Friday, 22 de November de 2024 ISSN 1519-7670 - Ano 24 - nº 1315

Como lidar com conflitos de interesses

Em sua coluna de domingo [20/1/08], o ombudsman do New York Times, Clark Hoyt, falou sobre os conflitos de interesses que podem atrapalhar o trabalho dos jornalistas. Ele apresenta como exemplo a repórter do NYTimes Linda Greenhouse, que cobre a Suprema Corte há mais de 30 anos e já ganhou um prêmio Pulitzer. A jornalista lida com diversas autoridades legais para suas matérias e o fato de ser casada com uma delas pode não ser conveniente.

No início de 2006, Linda escreveu um artigo sobre ordens judiciais em apoio à apelação de um prisioneiro da Baía de Guantánamo, em Cuba, que foi segurança e motorista de Osama bin Laden. Uma das ordens – não mencionada no artigo – foi aberta por Eugene Fidell, em nome do Instituto Nacional de Justiça Militar e da Ordem dos Advogados do Distrito de Colúmbia. Fidell, um dos maiores especialistas em leis militares dos EUA, é o presidente do instituto e um conhecido crítico das políticas da administração Bush. É também marido de Linda.

No mês passado, a repórter cobriu outro caso envolvendo prisioneiros de Guantánamo. O Instituto Nacional de Justiça Militar abriu, mais uma vez, uma ordem contrária à posição do governo Bush no caso. Desta vez, porém, o marido de Linda não a assinou porque o caso estava na corte judicial que ela estava cobrindo.

O blogueiro conservador M. Edward Whelan III, geralmente crítico a Linda, escreveu sobre o envolvimento de Fidell no caso e alegou tratar-se de um conflito de interesses. A repórter e seus editores discordaram. Dean Baquet, chefe de redação da sucursal de Washington, classificou o conflito de ‘abstrato’ e afirmou que Fidell e seu instituto eram personagens menores no caso. Linda disse que seu marido não representa nenhum prisioneiro e, para ela, ‘há uma diferença significativa entre representar um lado em um caso e assumir uma posição em um assunto levantado por um caso’. Whelan é ex-funcionário do Departamento de Justiça na administração Bush e secretário do juiz Antonin Scalia. Além disso, é presidente do conservador Centro de Políticas Públicas e Ética. Hoyt leu os diversos artigos escritos por Linda sobre os dois casos e não notou nenhum conflito de interesses, nem tampouco uma cobertura tendenciosa ao ponto de vista do marido da repórter.

Novas normas

Ainda assim, Whelan levantou uma questão importante que incomoda jornalistas, na medida em que eles fazem amizades, apaixonam-se e têm uma vida fora das redações. O NYTimes tem normas para possíveis conflitos de interesses e o caso de Linda indica que elas devem ser revistas. Segundo as regras atuais, os repórteres devem ser sensíveis a potenciais conflitos de interesses e discuti-los com seus supervisores. Em alguns casos, é suficiente apenas avisar aos editores. Em outros, o repórter deve se abster de cobrir o tema ou mudar de editoria. Hoyt sente falta das regras não abordarem a necessidade de revelação de parentesco ou envolvimento pessoal ao público.

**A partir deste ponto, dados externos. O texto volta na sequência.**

lemma Bpath_unique:
  assumes "i \<noteq> 0" "Bpath p n u i ps" "Bpath p n u i qs"
  shows "ps = qs"
proof -
  have chain: "successively (\<lambda>a b. b = parent n i a) xs" if "Bpath p n u i xs" for xs
  proof -
    from that have "successively (Badj p n) xs" "distinct xs" "xs \<noteq> []" "last xs = Cyc i (Cset n i)"
      unfolding Bpath_def by auto
    then show ?thesis
      using successively_parent[of "Badj p n" "parent n i" "Cyc i (Cset n i)"]
        Badj_parent[OF assms(1)] Badj_root_parent[OF assms(1)] by simp
  qed
  show ?thesis
    using parent_chain_unique[OF chain[OF assms(2)] chain[OF assms(3)]] assms(2,3)
    unfolding Bpath_def by simp
qed

text \<open>
  Along the path built below the level never decreases, and it increases strictly from each cycle
  to the next vertex; this is what makes the path distinct.
\<close>

fun node_level :: "node \<Rightarrow> nat" where
  "node_level (Vert v) = first_run_len v"
| "node_level (Cyc j S) = run_len j (SOME x. x \<in> S)"

lemma Bpath_exists_single_block:
  assumes "nonzeros u \<noteq> []" "set u \<subseteq> {0, first_nz u}" "u \<in> words p n"
  shows "\<exists>ps. Bpath p n u (last_nz u) ps \<and> length (filter is_Cyc ps) = blocks u \<and>
    (\<forall>x\<in>set ps. first_run_len u \<le> node_level x)"
proof -
  let ?j = "first_nz u"
  have last: "last_nz u = ?j" using first_last_nz_of_subset(2)[OF assms(2,1)] .
  have C: "u \<in> Cset n ?j" using assms(2) words_length[OF assms(3)] unfolding Cset_def by simp
  then have orbit: "orbit ?j u = Cset n ?j" using orbit_Cset first_nz_range[OF assms(3,1)] by simp
  have "u \<in> orbit ?j u" unfolding orbit_def by simp
  then have "Badj p n (Vert u) (Cyc ?j (Cset n ?j))"
    using Badj_orbit(1)[OF assms(3,1)] orbit by simp
  then have path: "Bpath p n u (last_nz u) [Vert u, Cyc ?j (Cset n ?j)]"
    unfolding Bpath_def last by simp
  have "run_len ?j x = n" if "x \<in> Cset n ?j" for x
    using that run_len_eq_length_iff[of ?j x] unfolding Cset_def by simp
  then have "node_level (Cyc ?j (Cset n ?j)) = n" using someI[of "\<lambda>x. x \<in> Cset n ?j", OF C] by simp
  moreover have "first_run_len u \<le> n"
    using run_len_le_length[of ?j u] words_length[OF assms(3)] unfolding first_run_len_def by simp
  ultimately show ?thesis
    using path blocks_eq_one[OF assms(2,1)] by (intro exI[of _ "[Vert u, Cyc ?j (Cset n ?j)]"]) auto
qed

lemma Bpath_exists:
  assumes "nonzeros u \<noteq> []" "u \<in> words p n"
  shows "\<exists>ps. Bpath p n u (last_nz u) ps \<and> length (filter is_Cyc ps) = blocks u \<and>
    (\<forall>x\<in>set ps. first_run_len u \<le> node_level x)"
  using assms
proof (induction u rule: first_block_induct)
  case (base u)
  then show ?case by (rule Bpath_exists_single_block)
next
  case (step u)
  let ?j = "first_nz u" and ?u' = "clear_first_block u"
  let ?O = "orbit ?j u"
  note clear = clear_first_block_step[OF step(1,2)]
  have u': "?u' \<in> ?O" using clear_first_block_orbit[OF step(1)] .
  have "?u' \<in> words p n" using u' orbit_subset_words[OF first_nz_range[OF step(4,1)] step(4)] by blast
  then obtain ps' where ps': "Bpath p n ?u' (last_nz u) ps'" "length (filter is_Cyc ps') = blocks ?u'"
    "\<forall>x\<in>set ps'. first_run_len ?u' \<le> node_level x"
    using step(3) clear(4) by auto
  have "u \<in> ?O" unfolding orbit_def by simp
  then have "(SOME x. x \<in> ?O) \<in> ?O" by (rule someI)
  then have level: "node_level (Cyc ?j ?O) = first_run_len u"
    using run_len_orbit first_nz_in_set[OF step(1)] unfolding first_run_len_def by simp
  have "Vert u \<notin> set ps'" "Cyc ?j ?O \<notin> set ps'"
    using ps'(3) clear(3) level by fastforce+
  then have "Bpath p n u (last_nz u) (Vert u # Cyc ?j ?O # ps')"
    using ps'(1) Badj_orbit[OF step(4,1) \<open>u \<in> ?O\<close>] Badj_orbit(2)[OF step(4,1) u']
    unfolding Bpath_def by (auto simp: successively_Cons)
  moreover have "\<forall>x\<in>set (Vert u # Cyc ?j ?O # ps'). first_run_len u \<le> node_level x"
    using ps'(3) clear(3) level by fastforce
  ultimately show ?case
    using ps'(2) clear(2) by (intro exI[of _ "Vert u # Cyc ?j ?O # ps'"]) simp
qed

Linda diz que, antes de cobrir o primeiro caso, conversou com Philip Taubman, chefe de redação na época, que concordou que ela não deveria escrever sobre o assunto se seu marido representasse o partido na Suprema Corte. Caso ele não representasse, ela não teria problemas em fazer a cobertura. Segundo Jill Abramson, editora de notícias, o fato foi discutido com outros editores, que chegaram à conclusão de que a experiência de Linda sobre o assunto seria extremamente importante para a cobertura do caso. ‘O profissionalismo de Linda ao longo destes anos é inquestionável. […] Como muitos jornalistas, ela consegue se afastar do ponto de vista de amigos e de seu marido para escrever’, opina Jill.

Já Lee Wilkins, professor de jornalismo da Universidade do Missouri, vê a situação por outro ângulo. Para ele, Linda está escrevendo sobre algo no qual seu marido está envolvido, e o NYTimes não está contando isto aos leitores. Hoyt diz que, se fosse editor da repórter, não a tiraria da cobertura, mas acompanharia atentamente o envolvimento de Fidell no caso, podendo rever, no futuro, sua decisão. O ombudsman afirma ainda que revelaria ao público a relação existente entre os dois.